Python interfaces

Archiving

Tools to download and save URLs.

archive

Archive the HTML from the provided URLs

storytracker.archive(url, verify=True, minify=True, extend_urls=True, compress=True, output_dir=None)
Parameters:
  • url (str) – The URL of the page to archive
  • verify (bool) – Verify that HTML is in the response’s content-type header
  • minify (bool) – Minify the HTML response to reduce its size
  • extend_urls (bool) – Extend relative URLs discovered in the HTML response to be absolute
  • compress (bool) – Compress the HTML response using gzip if an output_dir is provided
  • output_dir (str or None) – Provide a directory for the archived data to be stored
Returns:

An ArchivedURL object

Return type:

ArchivedURL

Raises ValueError:
 

If the response is not verified as HTML

Example usage:

>>> import storytracker

>>> # This will return gzipped content of the page to the variable
>>> obj = storytracker.archive("http://www.latimes.com")
<ArchivedURL: http://www.latimes.com@2014-07-17 04:08:32.169810+00:00>

>>> # You can save it to an automatically named file a directory you provide
>>> obj = storytracker.archive("http://www.latimes.com", output_dir="./")
>>> obj.archive_path
'./http!www.latimes.com!!!!@2014-07-17T04:09:21.835271+00:00.gz'

get

Retrieves HTML from the provided URLs

storytracker.get(url, verify=True)
Parameters:
  • url (str) – The URL of the page to archive
  • verify (bool) – Verify that HTML is in the response’s content-type header
Returns:

The content of the HTML response

Return type:

str

Raises ValueError:
 

If the response is not verified as HTML

Example usage:

>>> import storytracker

>>> html = storytracker.get("http://www.latimes.com")

Analysis

ArchivedURL

An URL’s archived HTML with tools for analysis.
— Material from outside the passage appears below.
(* Let $\mathcal{D}$ be a hybrid basic action theory containing the action $\mathit{noOp}$, let $\varphi$ be an effect and $\sigma$ a situation. Then: (1) $\mathcal{D}\models\exists a,ts.\,\mathit{PrimCause}(a,ts,\varphi,\sigma)\supset\exists\sigma'.\,\mathit{DefusedSit}(\varphi,\sigma,\sigma')$; (2) $\mathcal{D}\models\forall a_1,ts_1,\sigma_1,a_2,ts_2,\sigma_2.\;\mathit{PreempContr}(a_1,ts_1,\sigma_1,\varphi,\sigma)\land\mathit{PreempContr}(a_2,ts_2,\sigma_2,\varphi,\sigma)\land|\sigma_1|=|\sigma_2|\supset\sigma_1=\sigma_2$; (3) $\mathcal{D}\models\forall\sigma',\sigma''.\;\mathit{DefusedSit}(\varphi,\sigma,\sigma')\land\mathit{DefusedSit}(\varphi,\sigma,\sigma'')\supset\sigma'=\sigma''$; (4) $\mathcal{D}\models\forall\sigma'.\;\mathit{DefusedSit}(\varphi,\sigma,\sigma')\supset\neg\exists b,ts_b.\,\mathit{PrimCause}(b,ts_b,\varphi,\sigma')$.
   Context: Hybrid temporal situation calculus (HTSC): $S_0$ initial situation, $do(a,s)$ successor situation. $s\sqsubset s'$: $s'$ reachable from $s$ by one or more actions; $s\sqsubseteq s'$: $s\sqsubset s'\lor s=s'$. $\mathit{time}(a(\vec x,t))=t$, $\mathit{start}(do(a,s))=\mathit{time}(a)$. $\mathit{Exec}(s)\doteq\forall a,s'.(do(a,s')\sqsubseteq s\supset\mathit{Poss}(a,s')\land\mathit{start}(s')\le\mathit{time}(a))$; $s<s'$ abbreviates $s\sqsubset s'\land\mathit{Exec}(s')$; $s\le s'$ abbreviates $s<s'\lor s=s'$. $\mathit{timeStamp}(S_0)=0$, $\mathit{timeStamp}(do(a,s))=\mathit{timeStamp}(s)+1$. A hybrid basic action theory $\mathcal{D}$ contains initial-state, precondition, successor-state (discrete fluents), state evolution (temporal fluents), unique-names and foundational axioms. A temporal fluent $f$ has state evolution axiom $f(\vec x,t,s)=y\equiv[\bigvee_i(\gamma^f_i(\vec x,s)\land\delta_i(\vec x,y,t,s))\lor(y=f(\vec x,\mathit{start}(s),s)\land\neg\bigvee_i\gamma^f_i(\vec x,s))]$ with mutually exclusive contexts $\gamma^f_i$. An effect $\varphi$ is a situation- and time-suppressed formula, uniform in the situation, constraining the value of one primitive temporal fluent $f$; $\varphi[t,s]$ restores time $t$ and situation $s$; $\psi[s]$ restores $s$ in situation-suppressed $\psi$. $\mathit{noOp}(t)$ is an action (with $\mathit{time}(\mathit{noOp}(t))=t$) that is always possible and affects no fluent. $\mathit{CausesDir}(a,ts,\psi,s)\doteq\exists s_a.\,\mathit{timeStamp}(s_a)=ts\land(S_0<do(a,s_a)\le s)\land\neg\psi[s_a]\land\forall s'.(do(a,s_a)\le s'\le s\supset\psi[s'])$. $\mathit{end}(s',s)=\mathit{start}(s')$ if $s'=s$; $=\mathit{time}(a)$ if $do(a,s')\le s$. $\mathit{AchvSitAux}(s_\varphi,\varphi,s)\doteq\varphi[\mathit{end}(s_\varphi,s),s_\varphi]\land\forall s',t.(s_\varphi<s'\le s\land\mathit{start}(s')\le t\le\mathit{end}(s',s)\supset\varphi[t,s'])$; $\mathit{AchvSit}(s_\varphi,\varphi,s)\doteq\mathit{AchvSitAux}(s_\varphi,\varphi,s)\land\neg\exists s''.(s''<s_\varphi\land\mathit{AchvSitAux}(s'',\varphi,s))$. $\mathit{DirPossContr}(\alpha,s_\alpha,s_\varphi,\sigma,\varphi)\doteq\exists i,ts.\,\mathit{Exec}(s_\alpha)\land\mathit{Poss}(\alpha,s_\alpha)\land\mathit{timeStamp}(s_\alpha)=ts\land s_\alpha<s_\varphi\le\sigma\land\neg\varphi[\mathit{time}(\alpha),s_\alpha]\land\varphi[\mathit{end}(s_\varphi,\sigma),s_\varphi]\land\mathit{CausesDir}(\alpha,ts,\gamma^f_i,s_\varphi)$; $\mathit{DirActContr}(\alpha,s_\alpha,s_\varphi,\varphi,\sigma)\doteq\exists\sigma'.\,\mathit{DirPossContr}(\alpha,s_\alpha,s_\varphi,\sigma',\varphi)\land\sigma'\le\sigma$; $\mathit{PrimCause}(\alpha,ts,\varphi,\sigma)\doteq\exists s_\alpha,s_\varphi.\,\mathit{AchvSit}(s_\varphi,\varphi,\sigma)\land\mathit{timeStamp}(s_\alpha)=ts\land\mathit{DirActContr}(\alpha,s_\alpha,s_\varphi,\varphi,\sigma)$. Single-action counterfactual: $\mathit{CF}_{one}(s',s,\langle a',a,ts\rangle)$ holds iff there is $s_{sh}$ with $\mathit{timeStamp}(s_{sh})=ts$, $a\ne a'$, $do(a,s_{sh})\sqsubseteq s$, $do(a',s_{sh})\sqsubseteq s'$, and: for all $a^*,s^*$ with $do(a,s_{sh})\sqsubset do(a^*,s^* )\sqsubseteq s$ there is $s^+$ with $\mathit{timeStamp}(s^+)=\mathit{timeStamp}(s^* )$ and $do(a^*,s^+)\sqsubseteq s'$; and for all $a^*,s^*$ with $do(a',s_{sh})\sqsubset do(a^*,s^* )\sqsubseteq s'$ there is $s^+$ with $\mathit{timeStamp}(s^+)=\mathit{timeStamp}(s^* )$ and $do(a^*,s^+)\sqsubseteq s$. Preempted contributors: $\mathit{PreempContr}$ is the least relation $P(a,ts,\sigma',\varphi,\sigma)$ such that (i) if $\mathit{PrimCause}(a,ts,\varphi,\sigma)$ and $\mathit{CF}_{one}(\sigma',\sigma,\langle\mathit{noOp}(\mathit{time}(a)),a,ts\rangle)$ then $P(a,ts,\sigma',\varphi,\sigma)$; (ii) if $P(a'',ts'',\sigma'',\varphi,\sigma)$, $\mathit{PrimCause}(a',ts',\varphi,\sigma'')$ and $\mathit{CF}_{one}(\sigma',\sigma'',\langle\mathit{noOp}(\mathit{time}(a')),a',ts'\rangle)$ then $P(a',ts',\sigma',\varphi,\sigma)$. $|s|$ is the number of $\mathit{noOp}$ actions in $s$: $|S_0|=0$; $|do(a,s')|=|s'|$ if $a$ is not of the form $\mathit{noOp}(t)$; $|do(\mathit{noOp}(t),s')|=1+|s'|$. $\mathit{DefusedSit}(\varphi,\sigma,\sigma')\doteq\exists a',ts'.\,\mathit{PreempContr}(a',ts',\sigma',\varphi,\sigma)\land\forall\sigma'',a'',ts''.\,(\mathit{PreempContr}(a'',ts'',\sigma'',\varphi,\sigma)\land\sigma'\ne\sigma''\supset|\sigma''|<|\sigma'|)$. *)

theory Defs
  imports Complex_Main
begin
class ArchivedURL(url, timestamp, html, gzip_archive_path=None, html_archive_path=None, browser_width=1024, browser_height=768, browser_driver="PhantomJS")

Initialization arguments

url

The url archived

timestamp

The date and time when the url was archived

html

The HTML archived

Optional initialization options

gzip_archive_path

A file path leading to an archive of the URL stored in a gzipped file.

html_archive_path

A file path leading to an archive of the URL storied in a raw HTML file.

browser_width

The width of the browser that will be opened to inspect the URL’s HTML By default it is 1024.

browser_height

The height of the browser that will be opened to inspect the URL’s HTML By default is 768.

browser_driver

The name of the browser that Selenium will use to open up HTML files. By default it is PhantomJS.

Other attributes

height

The height of the page in pixels after the URL is opened in a web browser

width

The width of the page in pixels after the URL is opened in a web browser

gzip

Returns the archived HTML as a stream of gzipped data

archive_filename

Returns a file name for this archive using the conventions of storytracker.create_archive_filename().
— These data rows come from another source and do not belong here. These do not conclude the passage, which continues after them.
lemma inv_arr_props:
  assumes "is_iso C f"
  shows "src (inv_arr C f) = tgt f" "tgt (inv_arr C f) = src f"
    "inv_arr C f \<cdot> f = \<one> (src f)" "f \<cdot> inv_arr C f = \<one> (tgt f)"
proof -
  have "\<exists>g. g \<in> hom C (tgt f) (src f) \<and> g \<cdot> f = \<one> (src f) \<and> f \<cdot> g = \<one> (tgt f)"
    using assms unfolding is_iso_def by blast
  then have "inv_arr C f \<in> hom C (tgt f) (src f) \<and>
      inv_arr C f \<cdot> f = \<one> (src f) \<and> f \<cdot> inv_arr C f = \<one> (tgt f)"
    unfolding inv_arr_def by (rule someI_ex)
  then show "src (inv_arr C f) = tgt f" "tgt (inv_arr C f) = src f"
    "inv_arr C f \<cdot> f = \<one> (src f)" "f \<cdot> inv_arr C f = \<one> (tgt f)"
    unfolding hom_def by auto
qed

lemma src_assoc_inv [simp]: "src (inv_arr C (assoc C A B D)) = A \<otimes>\<^sub>o (B \<otimes>\<^sub>o D)"
  and tgt_assoc_inv [simp]: "tgt (inv_arr C (assoc C A B D)) = (A \<otimes>\<^sub>o B) \<otimes>\<^sub>o D"
  and assoc_inv_assoc: "inv_arr C (assoc C A B D) \<cdot> assoc C A B D = \<one> ((A \<otimes>\<^sub>o B) \<otimes>\<^sub>o D)"
  and assoc_assoc_inv: "assoc C A B D \<cdot> inv_arr C (assoc C A B D) = \<one> (A \<otimes>\<^sub>o (B \<otimes>\<^sub>o D))"
  using inv_arr_props[OF iso_assoc, of A B D] by auto

lemma src_lunit_inv [simp]: "src (inv_arr C (lunit C A)) = A"
  and tgt_lunit_inv [simp]: "tgt (inv_arr C (lunit C A)) = I \<otimes>\<^sub>o A"
  and lunit_inv_lunit: "inv_arr C (lunit C A) \<cdot> lunit C A = \<one> (I \<otimes>\<^sub>o A)"
  using inv_arr_props[OF iso_lunit, of A] by auto

lemma comp_eq_precomp: "x \<cdot> y = z \<Longrightarrow> tgt k = src y \<Longrightarrow> tgt y = src x \<Longrightarrow> x \<cdot> y \<cdot> k = z \<cdot> k"
  using comp_assoc[of k y x] by simp

lemma comp2_eq_precomp:
  "a \<cdot> b = c \<cdot> d \<Longrightarrow> tgt k = src b \<Longrightarrow> tgt k = src d \<Longrightarrow> tgt b = src a \<Longrightarrow> tgt d = src c
   \<Longrightarrow> a \<cdot> b \<cdot> k = c \<cdot> d \<cdot> k"
  using comp_assoc[of k b a] comp_assoc[of k d c] by simp

lemma split_mono_cancel:
  assumes "v \<cdot> u = \<one> A" "u \<cdot> x = u \<cdot> y" "src u = A" "tgt u = src v" "tgt x = A" "tgt y = A"
  shows "x = y"
proof -
  have "x = v \<cdot> u \<cdot> x" using comp_eq_precomp[OF assms(1), of x] assms(3-5) by simp
  also have "\<dots> = v \<cdot> u \<cdot> y" using assms(2) by simp
  also have "\<dots> = y" using comp_eq_precomp[OF assms(1), of y] assms(3,4,6) by simp
  finally show ?thesis .
qed

lemma id_tensor_comp: "tgt f = src g \<Longrightarrow> \<one> A \<otimes> (g \<cdot> f) = (\<one> A \<otimes> g) \<cdot> (\<one> A \<otimes> f)"
  using interchange[of "\<one> A" "\<one> A" f g] by simp

lemma comp_tensor_id: "tgt f = src g \<Longrightarrow> (g \<cdot> f) \<otimes> \<one> A = (g \<otimes> \<one> A) \<cdot> (f \<otimes> \<one> A)"
  using interchange[of f g "\<one> A" "\<one> A"] by simp

lemma tensor_commute_right:
  assumes "u \<cdot> x = y \<cdot> v" "tgt x = src u" "tgt v = src y"
  shows "(\<one> (tgt f) \<otimes> u) \<cdot> (f \<otimes> x) = (f \<otimes> y) \<cdot> (\<one> (src f) \<otimes> v)"
  using interchange[of f "\<one> (tgt f)" x u] interchange[of "\<one> (src f)" f v y] assms by simp

lemma tensor_commute_left:
  assumes "u \<cdot> x = y \<cdot> v" "tgt x = src u" "tgt v = src y"
  shows "(u \<otimes> \<one> (tgt f)) \<cdot> (x \<otimes> f) = (y \<otimes> f) \<cdot> (v \<otimes> \<one> (src f))"
  using interchange[of x u f "\<one> (tgt f)"] interchange[of v y "\<one> (src f)" f] assms by simp

lemma copy_swap:
  assumes "src u = W"
  shows "(u \<otimes> \<one> W) \<cdot> copy W = braid C W (tgt u) \<cdot> (\<one> W \<otimes> u) \<cdot> copy W"
proof -
  have "braid C W (tgt u) \<cdot> (\<one> W \<otimes> u) \<cdot> copy W = (u \<otimes> \<one> W) \<cdot> braid C W W \<cdot> copy W"
    using comp_eq_precomp[OF braid_natural[of "\<one> W" u], of "copy W"] assms by simp
  then show ?thesis
    using braid_copy[of W] by simp
qed

definition middle_swap :: "'o \<Rightarrow> 'o \<Rightarrow> 'o \<Rightarrow> 'o \<Rightarrow> 'm" where
  "middle_swap A A' B B' =
     inv_arr C (assoc C A B (A' \<otimes>\<^sub>o B')) \<cdot> (\<one> A \<otimes> assoc C B A' B') \<cdot> (\<one> A \<otimes> (braid C A' B \<otimes> \<one> B'))
     \<cdot> (\<one> A \<otimes> inv_arr C (assoc C A' B B')) \<cdot> assoc C A A' (B \<otimes>\<^sub>o B')"

lemma src_middle_swap [simp]: "src (middle_swap A A' B B') = (A \<otimes>\<^sub>o A') \<otimes>\<^sub>o (B \<otimes>\<^sub>o B')"
  and tgt_middle_swap [simp]: "tgt (middle_swap A A' B B') = (A \<otimes>\<^sub>o B) \<otimes>\<^sub>o (A' \<otimes>\<^sub>o B')"
  unfolding middle_swap_def by simp_all

lemma copy_tensor: "copy (A \<otimes>\<^sub>o B) = middle_swap A A B B \<cdot> (copy A \<otimes> copy B)"
  using markov unfolding is_markov_category_def middle_swap_def by simp

lemma assoc_inv_natural:
  "((f \<otimes> g) \<otimes> h) \<cdot> inv_arr C (assoc C (src f) (src g) (src h))
   = inv_arr C (assoc C (tgt f) (tgt g) (tgt h)) \<cdot> (f \<otimes> (g \<otimes> h))"
proof -
  let ?a = "assoc C (src f) (src g) (src h)" and ?b = "assoc C (tgt f) (tgt g) (tgt h)"
  have "((f \<otimes> g) \<otimes> h) \<cdot> inv_arr C ?a = inv_arr C ?b \<cdot> ?b \<cdot> ((f \<otimes> g) \<otimes> h) \<cdot> inv_arr C ?a"
    using comp_eq_precomp[OF assoc_inv_assoc, of "((f \<otimes> g) \<otimes> h) \<cdot> inv_arr C ?a"] by simp
  also have "\<dots> = inv_arr C ?b \<cdot> (f \<otimes> (g \<otimes> h)) \<cdot> ?a \<cdot> inv_arr C ?a"
    by (subst comp2_eq_precomp[OF assoc_natural]) simp_all
  also have "\<dots> = inv_arr C ?b \<cdot> (f \<otimes> (g \<otimes> h))"
    by (simp add: assoc_assoc_inv)
  finally show ?thesis .
qed

lemma middle_swap_natural:
  "middle_swap (tgt f) (tgt f') (tgt g) (tgt g') \<cdot> ((f \<otimes> f') \<otimes> (g \<otimes> g'))
   = ((f \<otimes> g) \<otimes> (f' \<otimes> g')) \<cdot> middle_swap (src f) (src f') (src g) (src g')"
proof -
  have 1: "assoc C (tgt f) (tgt f') (tgt g \<otimes>\<^sub>o tgt g') \<cdot> ((f \<otimes> f') \<otimes> (g \<otimes> g'))
      = (f \<otimes> (f' \<otimes> (g \<otimes> g'))) \<cdot> assoc C (src f) (src f') (src g \<otimes>\<^sub>o src g')"
    using assoc_natural[of f f' "g \<otimes> g'"] by simp
  have 2: "(\<one> (tgt f) \<otimes> inv_arr C (assoc C (tgt f') (tgt g) (tgt g'))) \<cdot> (f \<otimes> (f' \<otimes> (g \<otimes> g')))
      = (f \<otimes> ((f' \<otimes> g) \<otimes> g')) \<cdot> (\<one> (src f) \<otimes> inv_arr C (assoc C (src f') (src g) (src g')))"
    by (rule tensor_commute_right[OF assoc_inv_natural[symmetric]]) simp_all
  have 3: "(\<one> (tgt f) \<otimes> (braid C (tgt f') (tgt g) \<otimes> \<one> (tgt g'))) \<cdot> (f \<otimes> ((f' \<otimes> g) \<otimes> g'))
      = (f \<otimes> ((g \<otimes> f') \<otimes> g')) \<cdot> (\<one> (src f) \<otimes> (braid C (src f') (src g) \<otimes> \<one> (src g')))"
    using tensor_commute_right[OF tensor_commute_left[OF braid_natural]] by simp
  have 4: "(\<one> (tgt f) \<otimes> assoc C (tgt g) (tgt f') (tgt g')) \<cdot> (f \<otimes> ((g \<otimes> f') \<otimes> g'))
      = (f \<otimes> (g \<otimes> (f' \<otimes> g'))) \<cdot> (\<one> (src f) \<otimes> assoc C (src g) (src f') (src g'))"
    by (rule tensor_commute_right[OF assoc_natural]) simp_all
  have 5: "inv_arr C (assoc C (tgt f) (tgt g) (tgt f' \<otimes>\<^sub>o tgt g')) \<cdot> (f \<otimes> (g \<otimes> (f' \<otimes> g')))
      = ((f \<otimes> g) \<otimes> (f' \<otimes> g')) \<cdot> inv_arr C (assoc C (src f) (src g) (src f' \<otimes>\<^sub>o src g'))"
    using assoc_inv_natural[of f g "f' \<otimes> g'"] by simp
  show ?thesis
    unfolding middle_swap_def
    by (simp add: comp2_eq_precomp[OF 1] comp2_eq_precomp[OF 2] comp2_eq_precomp[OF 3]
        comp2_eq_precomp[OF 4] comp2_eq_precomp[OF 5] 1)
qed

lemma braid_unit_unit: "braid C I I = \<one> (I \<otimes>\<^sub>o I)"
proof -
  have "lunit C I \<cdot> braid C I I = lunit C I"
    using del_unique[of "lunit C I \<cdot> braid C I I" "I \<otimes>\<^sub>o I"] del_unique[of "lunit C I" "I \<otimes>\<^sub>o I"]
    by simp
  then have "inv_arr C (lunit C I) \<cdot> lunit C I \<cdot> braid C I I = inv_arr C (lunit C I) \<cdot> lunit C I"
    by simp
  then show ?thesis
    using comp_eq_precomp[OF lunit_inv_lunit[of I], of "braid C I I"] lunit_inv_lunit[of I] by simp
qed

lemma middle_swap_units: "middle_swap X I I E = \<one> ((X \<otimes>\<^sub>o I) \<otimes>\<^sub>o (I \<otimes>\<^sub>o E))"
proof -
  have "(\<one> X \<otimes> assoc C I I E) \<cdot> (\<one> X \<otimes> inv_arr C (assoc C I I E)) = \<one> (X \<otimes>\<^sub>o (I \<otimes>\<^sub>o (I \<otimes>\<^sub>o E)))"
    using id_tensor_comp[of "inv_arr C (assoc C I I E)" "assoc C I I E" X] by (simp add: assoc_assoc_inv)
  then show ?thesis
    unfolding middle_swap_def braid_unit_unit
    by (simp add: comp_eq_precomp assoc_inv_assoc)
qed

definition proj1 :: "'o \<Rightarrow> 'o \<Rightarrow> 'm" where
  "proj1 X E = runit C X \<cdot> (\<one> X \<otimes> del E)"

definition proj2 :: "'o \<Rightarrow> 'o \<Rightarrow> 'm" where
  "proj2 X E = lunit C E \<cdot> (del X \<otimes> \<one> E)"

lemma src_proj1 [simp]: "src (proj1 X E) = X \<otimes>\<^sub>o E" and tgt_proj1 [simp]: "tgt (proj1 X E) = X"
  and src_proj2 [simp]: "src (proj2 X E) = X \<otimes>\<^sub>o E" and tgt_proj2 [simp]: "tgt (proj2 X E) = E"
  unfolding proj1_def proj2_def by simp_all

lemma dilation_iff:
  "dilation C p E \<pi> \<longleftrightarrow> \<pi> \<in> hom C (src p) (tgt p \<otimes>\<^sub>o E) \<and> proj1 (tgt p) E \<cdot> \<pi> = p"
  unfolding dilation_def proj1_def hom_def by auto

lemma proj1_copy: "proj1 X X \<cdot> copy X = \<one> X"
  using copy_counit_right unfolding proj1_def by simp

lemma proj2_copy: "proj2 X X \<cdot> copy X = \<one> X"
  using copy_counit_left unfolding proj2_def by simp

lemma proj1_natural: "proj1 (tgt u) E \<cdot> (u \<otimes> \<one> E) = u \<cdot> proj1 (src u) E"
proof -
  have "(\<one> (tgt u) \<otimes> del E) \<cdot> (u \<otimes> \<one> E) = (u \<otimes> \<one> I) \<cdot> (\<one> (src u) \<otimes> del E)"
    using interchange[of u "\<one> (tgt u)" "\<one> E" "del E"] interchange[of "\<one> (src u)" u "del E" "\<one> I"]
    by simp
  then show ?thesis
    unfolding proj1_def using comp2_eq_precomp[OF runit_natural[of u], of "\<one> (src u) \<otimes> del E"]
    by simp
qed

lemma proj2_natural: "proj2 X (tgt u) \<cdot> (\<one> X \<otimes> u) = u \<cdot> proj2 X (src u)"
proof -
  have "(del X \<otimes> \<one> (tgt u)) \<cdot> (\<one> X \<otimes> u) = (\<one> I \<otimes> u) \<cdot> (del X \<otimes> \<one> (src u))"
    using interchange[of "\<one> X" "del X" u "\<one> (tgt u)"] interchange[of "del X" "\<one> I" "\<one> (src u)" u]
    by simp
  then show ?thesis
    unfolding proj2_def using comp2_eq_precomp[OF lunit_natural[of u], of "del X \<otimes> \<one> (src u)"]
    by simp
qed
A list of all the hyperlinks extracted from the HTML

images

A list of all the images extracts from the HTML

largest_headline

Returns the story hyperlink with the largest area on the page. If there is a tie, returns the one that appears first on the page.

largest_image

The largest image extracted from the HTML

A list of all the hyperlinks extracted from the HTML that are estimated to lead to news stories.

summary_statistics

Returns a dictionary with basic summary statistics about hyperlinks and images on the page

Analysis methods

analyze()

Opens the URL’s HTML in a web browser and runs all of the analysis methods that use it.

get_cell(x, y, cell_size=256)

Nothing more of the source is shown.